Considering that the flight altitude of the UAV has been set as a constant above, its movement in the vertical direction can be ignored. For the direct navigation task, the optional discrete actions of the UAV are defined in the discrete set $$ \mathbb{D}=\left\lbrace k_1, k_2\right\rbrace $$. Where $$ k_1 $$ represents the "MOVE" behavior and $$ k_2 $$ represents the "TURN" behavior. In addition, the parameter set $$ \mathbb{C}=\left\lbrace(c_1), (c_2)\right\rbrace $$ defines the continuous parameters corresponding to each action in $$ \mathbb{D} $$, where $$ c_1 $$ represents the acceleration value and $$ c_2 $$ represents the rotation angle. When the UAV acts, it not only needs to select the discrete action but also needs to determine the corresponding parameter values. To sum up, the parameterized action space of UAV is represented as $$ \mathcal{H}=\left\lbrace(k_1, (c_2)), (k_2, (c_2)\right\rbrace $$. The value range of $$ c_1 $$ and $$ c_2 $$ are scaled to $$ [-1\sim1] $$. Since the UAV needs to perform intermediate operations for the relay navigation task, a new discrete action $$ k_3 $$ will be added to $$ \mathbb{D} $$ to represent the "CATCH" behavior. It should be pointed out that action $$ k_3 $$ does not set continuous parameters. This is because we focus more on learning the navigation policy rather than the specific control process. When the UAV gets close enough to the supply, it performs the "CATCH" action, allowing the supply to move with itself. However, when the UAV is far away from the supply, it will not affect the supply when it performs the "CATCH" action. In this case, the UAV advances one step based on the current speed and angle. The primary goal of the UAV is to transport the supply to the target area.
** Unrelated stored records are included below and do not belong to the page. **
lemma conv0_eq_nn_integral:
  fixes f g :: "real \<Rightarrow> real"
  assumes [measurable]: "f \<in> borel_measurable borel" "g \<in> borel_measurable borel"
    and nonneg: "\<And>x. 0 \<le> f x" "\<And>x. 0 \<le> g x"
    and vanish: "\<And>x. x < 0 \<Longrightarrow> f x = 0" "\<And>x. x < 0 \<Longrightarrow> g x = 0"
  shows "conv0 f g t = enn2real (\<integral>\<^sup>+s. ennreal (f s * g (t - s)) \<partial>lborel)"
proof -
  let ?F = "\<lambda>s. f s * g (t - s)"
  have F_eq: "?F s = indicator {0..t} s * ?F s" for s
    using vanish by (cases "s < 0"; cases "t - s < 0") (auto simp: indicator_def)
  have F_nonneg: "0 \<le> ?F s" for s
    using nonneg by simp
  show ?thesis
  proof (cases "(\<integral>\<^sup>+s. ennreal (?F s) \<partial>lborel) < \<infinity>")
    case True
    then have "integrable lborel ?F"
      using F_nonneg by (intro integrableI_nonneg) auto
    then have int: "set_integrable lborel {0..t} ?F"
      unfolding set_integrable_def by (subst (asm) F_eq) simp
    have "conv0 f g t = (LINT s:{0..t}|lborel. ?F s)"
      unfolding conv0_def using set_borel_integral_eq_integral(2)[OF int] by simp
    also have "\<dots> = (\<integral>s. ?F s \<partial>lborel)"
      unfolding set_lebesgue_integral_def by (subst (2) F_eq) simp
    also have "\<dots> = enn2real (\<integral>\<^sup>+s. ennreal (?F s) \<partial>lborel)"
      using F_nonneg by (intro integral_eq_nn_integral) auto
    finally show ?thesis .
  next
    case False
    \<comment> \<open>both sides are the junk value 0: \<open>integral\<close> of a non-integrable function, \<open>enn2real \<infinity>\<close>\<close>
    have "\<not> ?F integrable_on {0..t}"
    proof
      assume "?F integrable_on {0..t}"
      then have "?F absolutely_integrable_on {0..t}"
        using F_nonneg by (intro nonnegative_absolutely_integrable_1) auto
      then have "integrable lborel (\<lambda>s. indicator {0..t} s *\<^sub>R ?F s)"
        unfolding set_integrable_def by (subst (asm) integrable_completion) auto
      then have "integrable lborel ?F"
        by (subst F_eq) simp
      with False F_nonneg show False
        by (simp add: integrable_iff_bounded)
    qed
    then show ?thesis
      using False by (simp add: conv0_def not_integrable_integral less_top[symmetric])
  qed
qed

lemma conv0_eq_lborel_integral:
  fixes f g :: "real \<Rightarrow> real"
  assumes "laplace_admissible f" "laplace_admissible g"
  shows "conv0 f g t = (\<integral>s. f s * g (t - s) \<partial>lborel)"
proof -
  note [measurable] = laplace_admissible_measurable[OF assms(1)] laplace_admissible_measurable[OF assms(2)]
  show ?thesis
    using assms by (subst integral_eq_nn_integral)
    (auto simp: conv0_eq_nn_integral laplace_admissible_measurable laplace_admissible_nonneg
      laplace_admissible_vanishes)
qed

lemma ennreal_conv0_le_nn_integral:
  fixes f g :: "real \<Rightarrow> real"
  assumes "laplace_admissible f" "laplace_admissible g"
  shows "ennreal (conv0 f g t) \<le> (\<integral>\<^sup>+s. ennreal (f s * g (t - s)) \<partial>lborel)"
  using assms
  by (simp add: conv0_eq_nn_integral laplace_admissible_measurable laplace_admissible_nonneg
      laplace_admissible_vanishes ennreal_enn2real_if)

lemma nn_integral_laplace_conv:
  fixes f g :: "real \<Rightarrow> real"
  assumes [measurable]: "f \<in> borel_measurable borel" "g \<in> borel_measurable borel"
    and nonneg: "\<And>x. 0 \<le> f x"
  shows "(\<integral>\<^sup>+t. (\<integral>\<^sup>+s. ennreal (exp (- \<sigma> * t) * (f s * g (t - s))) \<partial>lborel) \<partial>lborel)
     = (\<integral>\<^sup>+s. ennreal (exp (- \<sigma> * s) * f s) \<partial>lborel) * (\<integral>\<^sup>+x. ennreal (exp (- \<sigma> * x) * g x) \<partial>lborel)"
proof -
  have shift: "(\<integral>\<^sup>+t. ennreal (exp (- \<sigma> * (t - s)) * g (t - s)) \<partial>lborel)
      = (\<integral>\<^sup>+x. ennreal (exp (- \<sigma> * x) * g x) \<partial>lborel)" for s
    using nn_integral_real_affine[of "\<lambda>t. ennreal (exp (- \<sigma> * (t - s)) * g (t - s))" 1 s] by simp
  have "(\<integral>\<^sup>+t. (\<integral>\<^sup>+s. ennreal (exp (- \<sigma> * t) * (f s * g (t - s))) \<partial>lborel) \<partial>lborel)
     = (\<integral>\<^sup>+s. (\<integral>\<^sup>+t. ennreal (exp (- \<sigma> * s) * f s) * ennreal (exp (- \<sigma> * (t - s)) * g (t - s)) \<partial>lborel) \<partial>lborel)"
    using nonneg
    by (subst lborel_pair.Fubini')
      (auto simp: algebra_simps ennreal_mult'[symmetric] simp flip: exp_add intro!: nn_integral_cong)
  also have "\<dots> = (\<integral>\<^sup>+s. ennreal (exp (- \<sigma> * s) * f s)
      * (\<integral>\<^sup>+t. ennreal (exp (- \<sigma> * (t - s)) * g (t - s)) \<partial>lborel) \<partial>lborel)"
    by (intro nn_integral_cong nn_integral_cmult) measurable
  also have "\<dots> = (\<integral>\<^sup>+s. ennreal (exp (- \<sigma> * s) * f s) * (\<integral>\<^sup>+x. ennreal (exp (- \<sigma> * x) * g x) \<partial>lborel) \<partial>lborel)"
    unfolding shift ..
  also have "\<dots> = (\<integral>\<^sup>+s. ennreal (exp (- \<sigma> * s) * f s) \<partial>lborel) * (\<integral>\<^sup>+x. ennreal (exp (- \<sigma> * x) * g x) \<partial>lborel)"
    by (rule nn_integral_multc) measurable
  finally show ?thesis .
qed

lemma nn_integral_laplace_conv_finite:
  fixes f g :: "real \<Rightarrow> real"
  assumes "laplace_admissible f" "laplace_admissible g" "\<sigma> > 0"
  shows "(\<integral>\<^sup>+t. (\<integral>\<^sup>+s. ennreal (exp (- \<sigma> * t) * (f s * g (t - s))) \<partial>lborel) \<partial>lborel) < \<infinity>"
  unfolding nn_integral_laplace_conv[OF laplace_admissible_measurable[OF assms(1)]
      laplace_admissible_measurable[OF assms(2)] laplace_admissible_nonneg[OF assms(1)]]
  using laplace_admissible_nn_integral_finite[OF assms(1,3)] laplace_admissible_nn_integral_finite[OF assms(2,3)]
  by (simp add: ennreal_mult_less_top)

lemma laplace_admissible_conv0:
  fixes f g :: "real \<Rightarrow> real"
  assumes f: "laplace_admissible f" and g: "laplace_admissible g"
  shows "laplace_admissible (conv0 f g)"
proof -
  note [measurable] = laplace_admissible_measurable[OF f] laplace_admissible_measurable[OF g]
  have conv_nonneg: "0 \<le> conv0 f g t" for t
    by (simp add: conv0_eq_lborel_integral[OF f g] laplace_admissible_nonneg[OF f]
        laplace_admissible_nonneg[OF g])
  have "(\<lambda>t. \<integral>s. f s * g (t - s) \<partial>lborel) \<in> borel_measurable borel"
    by measurable
  then have [measurable]: "conv0 f g \<in> borel_measurable borel"
    by (simp add: conv0_eq_lborel_integral[OF f g, abs_def])
  have "integrable lborel (\<lambda>t. exp (- \<sigma> * t) * conv0 f g t)" if "\<sigma> > 0" for \<sigma>
  proof (rule integrableI_nonneg)
    have "ennreal (exp (- \<sigma> * t) * conv0 f g t)
        \<le> (\<integral>\<^sup>+s. ennreal (exp (- \<sigma> * t) * (f s * g (t - s))) \<partial>lborel)" for t
    proof -
      have "ennreal (exp (- \<sigma> * t) * conv0 f g t) = ennreal (exp (- \<sigma> * t)) * ennreal (conv0 f g t)"
        by (simp add: ennreal_mult')
      also have "\<dots> \<le> ennreal (exp (- \<sigma> * t)) * (\<integral>\<^sup>+s. ennreal (f s * g (t - s)) \<partial>lborel)"
        by (intro mult_left_mono ennreal_conv0_le_nn_integral f g) simp
      also have "\<dots> = (\<integral>\<^sup>+s. ennreal (exp (- \<sigma> * t) * (f s * g (t - s))) \<partial>lborel)"
        by (simp add: nn_integral_cmult[symmetric] ennreal_mult')
      finally show ?thesis .
    qed
    then have "(\<integral>\<^sup>+t. ennreal (exp (- \<sigma> * t) * conv0 f g t) \<partial>lborel)
        \<le> (\<integral>\<^sup>+t. (\<integral>\<^sup>+s. ennreal (exp (- \<sigma> * t) * (f s * g (t - s))) \<partial>lborel) \<partial>lborel)"
      by (intro nn_integral_mono)
    then show "(\<integral>\<^sup>+t. ennreal (exp (- \<sigma> * t) * conv0 f g t) \<partial>lborel) < \<infinity>"
      using nn_integral_laplace_conv_finite[OF f g that] by (rule le_less_trans)
  qed (auto simp: conv_nonneg)
  then show ?thesis
    unfolding laplace_admissible_def by (auto simp: conv_nonneg conv0_eq_0)
qed

lemma laplace_conv0:
  fixes f g :: "real \<Rightarrow> real"
  assumes f: "laplace_admissible f" and g: "laplace_admissible g" and z: "Re z > 0"
  shows "laplace (conv0 f g) z = laplace f z * laplace g z"
proof -
  note [measurable] = laplace_admissible_measurable[OF f] laplace_admissible_measurable[OF g]
  define G where "G t s = exp (- (z * of_real t)) * of_real (f s * g (t - s))" for t s :: real
  have norm_G: "norm (G t s) = exp (- Re z * t) * (f s * g (t - s))" for t s
    unfolding G_def using laplace_admissible_nonneg[OF f] laplace_admissible_nonneg[OF g]
    by (simp add: norm_mult norm_exp_eq_Re abs_mult)
  have G_measurable[measurable]: "(\<lambda>(t, s). G t s) \<in> borel_measurable (lborel \<Otimes>\<^sub>M lborel)"
    unfolding G_def by measurable
  have G_integrable: "integrable (lborel \<Otimes>\<^sub>M lborel) (\<lambda>(t, s). G t s)"
  proof (rule integrableI_bounded)
    have "(\<lambda>p. ennreal (norm ((\<lambda>(t, s). G t s) p))) \<in> borel_measurable (lborel \<Otimes>\<^sub>M lborel)"
      by measurable
    then have "(\<integral>\<^sup>+p. ennreal (norm ((\<lambda>(t, s). G t s) p)) \<partial>(lborel \<Otimes>\<^sub>M lborel))
      = (\<integral>\<^sup>+t. (\<integral>\<^sup>+s. ennreal (exp (- Re z * t) * (f s * g (t - s))) \<partial>lborel) \<partial>lborel)"
      by (subst lborel.nn_integral_fst[symmetric]) (simp_all add: norm_G)
    then show "(\<integral>\<^sup>+p. ennreal (norm ((\<lambda>(t, s). G t s) p)) \<partial>(lborel \<Otimes>\<^sub>M lborel)) < \<infinity>"
      using nn_integral_laplace_conv_finite[OF f g z] by simp
  qed simp
  have inner: "(\<integral>t. G t s \<partial>lborel) = exp (- (z * of_real s)) * of_real (f s) * laplace g z" for s
  proof -
    have "G t s = exp (- (z * of_real s)) * of_real (f s) * (exp (- (z * of_real (t - s))) * of_real (g (t - s)))" for t
      unfolding G_def by (simp add: algebra_simps flip: exp_add)
    moreover have "(\<integral>t. exp (- (z * of_real (t - s))) * of_real (g (t - s)) \<partial>lborel) = laplace g z"
      using lborel_integral_real_affine[of 1 "\<lambda>t. exp (- (z * of_real (t - s))) * of_real (g (t - s))" s]
      by (simp add: laplace_def)
    ultimately show ?thesis by simp
  qed
  have "laplace (conv0 f g) z = (\<integral>t. (\<integral>s. G t s \<partial>lborel) \<partial>lborel)"
    unfolding laplace_def G_def conv0_eq_lborel_integral[OF f g] by (simp del: of_real_mult)
  also have "\<dots> = (\<integral>s. (\<integral>t. G t s \<partial>lborel) \<partial>lborel)"
    using lborel_pair.Fubini_integral[of G] G_integrable by simp
  also have "\<dots> = laplace f z * laplace g z"
    unfolding inner laplace_def by simp
  finally show ?thesis .
qed

section \<open>The Laplace transform of \<open>nu\<close> on the positive reals\<close>

lemma nn_integral_linear_times_gaussian:
  fixes s c :: real
  assumes "0 \<le> s" "0 < c"
  shows "(\<integral>\<^sup>+x. ennreal ((x + s) * exp (- (x\<^sup>2 / 2 + s * x) * c)) * indicator {0..} x \<partial>lborel)
    = ennreal (1 / c)"
proof -
  have "(\<integral>\<^sup>+x. ennreal ((x + s) * exp (- (x\<^sup>2 / 2 + s * x) * c)) * indicator {0..} x \<partial>lborel)
     = 0 - (- exp (- (0\<^sup>2 / 2 + s * 0) * c) / c)"
  proof (rule nn_integral_FTC_atLeast)
    fix x :: real assume "0 \<le> x"
    show "((\<lambda>x. - exp (- (x\<^sup>2 / 2 + s * x) * c) / c) has_real_derivative
        (x + s) * exp (- (x\<^sup>2 / 2 + s * x) * c)) (at x)"
      using assms by (auto intro!: derivative_eq_intros simp: field_simps)
    show "0 \<le> (x + s) * exp (- (x\<^sup>2 / 2 + s * x) * c)"
      using \<open>0 \<le> x\<close> assms by simp
  next
    show "((\<lambda>x. - exp (- (x\<^sup>2 / 2 + s * x) * c) / c) \<longlongrightarrow> 0) at_top"
      using assms by real_asymp
  qed measurable
  then show ?thesis by simp
qed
3.4. Sparse reward function

Although sparse reward setting is simple and universal, different tasks need to set corresponding reward functions, which will bring different degrees of sparsity. The direct navigation task aims to get the UAV to reach the target area, which is a single-stage task with a relatively small reward sparsity. In the relay navigation task that contains supplies, an effective reward can be obtained only when the UAV finds supplies and carries them to the target area. This task includes relay operations which significantly increase the reward sparsity. Existing baselines are not effective at handling the relay task. This phenomenon and the solution are described in detail in Section 4.2. According to the above task requirements, the reward function of the direct navigation task is defined as

(6)

$$ \begin{array}{l} R= \left \{ \begin{array}{lr} 0, & if\ UAV\ in\ target\ area\\ -1, & otherwise \end{array} \right. \end{array} $$

and the reward function of the relay navigation task is defined as

(7)

$$ \begin{array}{l} R= \left \{ \begin{array}{lr} 0, & if\ supply\ in\ target\ area\\ -1, & otherwise\ . \end{array} \right. \end{array} $$

4. DEEP REINFORCEMENT LEARNING AGENT

To solve the navigation task presented in Section 3, the MPDQN algorithm is considered first, which has been proven effective in PAMDP. Besides, we introduce how to extend HER to solve the sparse reward problem in the relay task, followed by the implementation and training process of HER-MPDQN.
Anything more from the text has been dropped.